[SOURCE INFORMATION — start]

theorem theorem4p1:
  fixes P :: "'a::countable \<Rightarrow> 'a pmf" and \<pi> :: "'a \<Rightarrow> real"
    and z :: 'a and A :: "'a set"
    and r g1 g2 h1 h2 :: "'a \<Rightarrow> real"
  assumes irred: "irreducible_chain P"
    and posrec: "positive_recurrent P"
    and stat: "stationary_distribution P \<pi>"
    and A: "finite A" "z \<in> A"
    and inv: "IminusP22_invertible P (A - {z})"
    and r_nonneg: "\<forall>x. r x \<ge> 0"
    and g_nonneg: "\<forall>x\<in>-{z}. g1 x \<ge> 0 \<and> g2 x \<ge> 0"
    and h_nonneg: "\<forall>x\<in>A. h1 x \<ge> 0 \<and> h2 x \<ge> 0"
    and drift1: "\<forall>x\<in>-{z}. (\<lambda>y. pmf (P x) y * g1 y) summable_on (-{z}) \<and>
                   (\<Sum>\<^sub>\<infinity>y\<in>-{z}. pmf (P x) y * g1 y) \<le> g1 x - r x"
    and drift2: "\<forall>x\<in>-{z}. (\<lambda>y. pmf (P x) y * g2 y) summable_on (-{z}) \<and>
                   (\<Sum>\<^sub>\<infinity>y\<in>-{z}. pmf (P x) y * g2 y) \<le> g2 x - 1"
    and out1: "\<forall>x\<in>A. (\<lambda>y. pmf (P x) y * g1 y) summable_on (-A) \<and>
                   (\<Sum>\<^sub>\<infinity>y\<in>-A. pmf (P x) y * g1 y) \<le> h1 x"
    and out2: "\<forall>x\<in>A. (\<lambda>y. pmf (P x) y * g2 y) summable_on (-A) \<and>
                   (\<Sum>\<^sub>\<infinity>y\<in>-A. pmf (P x) y * g2 y) \<le> h2 x"
  shows "let \<kappa> = (\<lambda>f. enn2real (occ P (A - {z}) f z));
             \<pi>t = (\<lambda>f. \<kappa> f / \<kappa> (\<lambda>_. 1));
             \<pi>s = (\<lambda>x. \<pi>t (\<lambda>y. if y = x then 1 else 0))
         in rtv r \<pi>s \<pi> \<le> 2 * max (beta P A z h1 / \<kappa> (\<lambda>_. 1))
                                     (\<pi>t r * (beta P A z h2 / \<kappa> (\<lambda>_. 1)))"
proof -
  define \<mu> where "\<mu> g = enn2real (green P (-{z}) (\<lambda>y. ennreal (g y)) z)" for g
  have g1: "\<forall>x\<in>-{z}. 0 \<le> g1 x" and g2: "\<forall>x\<in>-{z}. 0 \<le> g2 x"
    and h1: "\<forall>x\<in>A. 0 \<le> h1 x" and h2: "\<forall>x\<in>A. 0 \<le> h2 x"
    using g_nonneg h_nonneg by auto
  note return_finite = green_return_time_finite[OF posrec g2 drift2]
  note sandwich = green_return_sandwich[OF A inv _ h1 g1 drift1 out1]
  note sandwich_one = green_return_sandwich[OF A inv _ h2 g2 drift2 out2, where u="\<lambda>_. 1", simplified]
  have "rtv r (\<lambda>x. beta P A z (\<lambda>y. if y = x then 1 else 0) / beta P A z (\<lambda>_. 1)) \<pi>
      \<le> 2 * max (beta P A z h1 / beta P A z (\<lambda>_. 1))
                 (beta P A z r / beta P A z (\<lambda>_. 1) * (beta P A z h2 / beta P A z (\<lambda>_. 1)))"
  proof (rule rtv_le_of_sandwich[where \<mu>=\<mu>, OF r_nonneg], goal_cases)
    case 1
    show ?case using one_le_beta_one[OF A inv] by simp
  next
    case 2
    show ?case using sandwich_one by (simp add: \<mu>_def)
  next
    case 3
    show ?case using sandwich_one by (simp add: \<mu>_def)
  next
    case 4
    show ?case using green_eq_beta(2)[OF A inv h1] .
  next
    case (5 g)
    then show ?case using beta_has_sum[OF A inv, of g] by simp
  next
    case (6 g)
    then show ?case
      using stationary_has_sum_green_ratio[OF stat return_finite, of g] sandwich(1)[of g]
      by (simp add: \<mu>_def)
  next
    case (7 g)
    then show ?case using green_eq_beta(2)[OF A inv, of g] beta_mono[OF A inv] by simp
  next
    case (8 g)
    then show ?case using sandwich(2,3)[of g] by (simp add: \<mu>_def)
  qed
  then show ?thesis
    using r_nonneg by (simp add: Let_def enn2real_occ_eq_beta[OF A inv])
qed

end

[SOURCE INFORMATION — finish]

# TASK REQUIREMENTS
In the listing above, find each line with "then" and copy it.

# RESPONSE TO THIS EXERCISE
             \<pi>s = (\<lambda>x. \<pi>t (\<lambda>y. if y = x then 1 else 0))
  have "rtv r (\<lambda>x. beta P A z (\<lambda>y. if y = x then 1 else 0) / beta P A z (\<lambda>_. 1)) \<pi>
    then show ?case using beta_has_sum[OF A inv, of g] by simp
    then show ?case
    then show ?case using green_eq_beta(2)[OF A inv, of g] beta_mono[OF A inv] by simp
    then show ?case using sandwich(2,3)[of g] by (simp add: \<mu>_def)
  then show ?thesis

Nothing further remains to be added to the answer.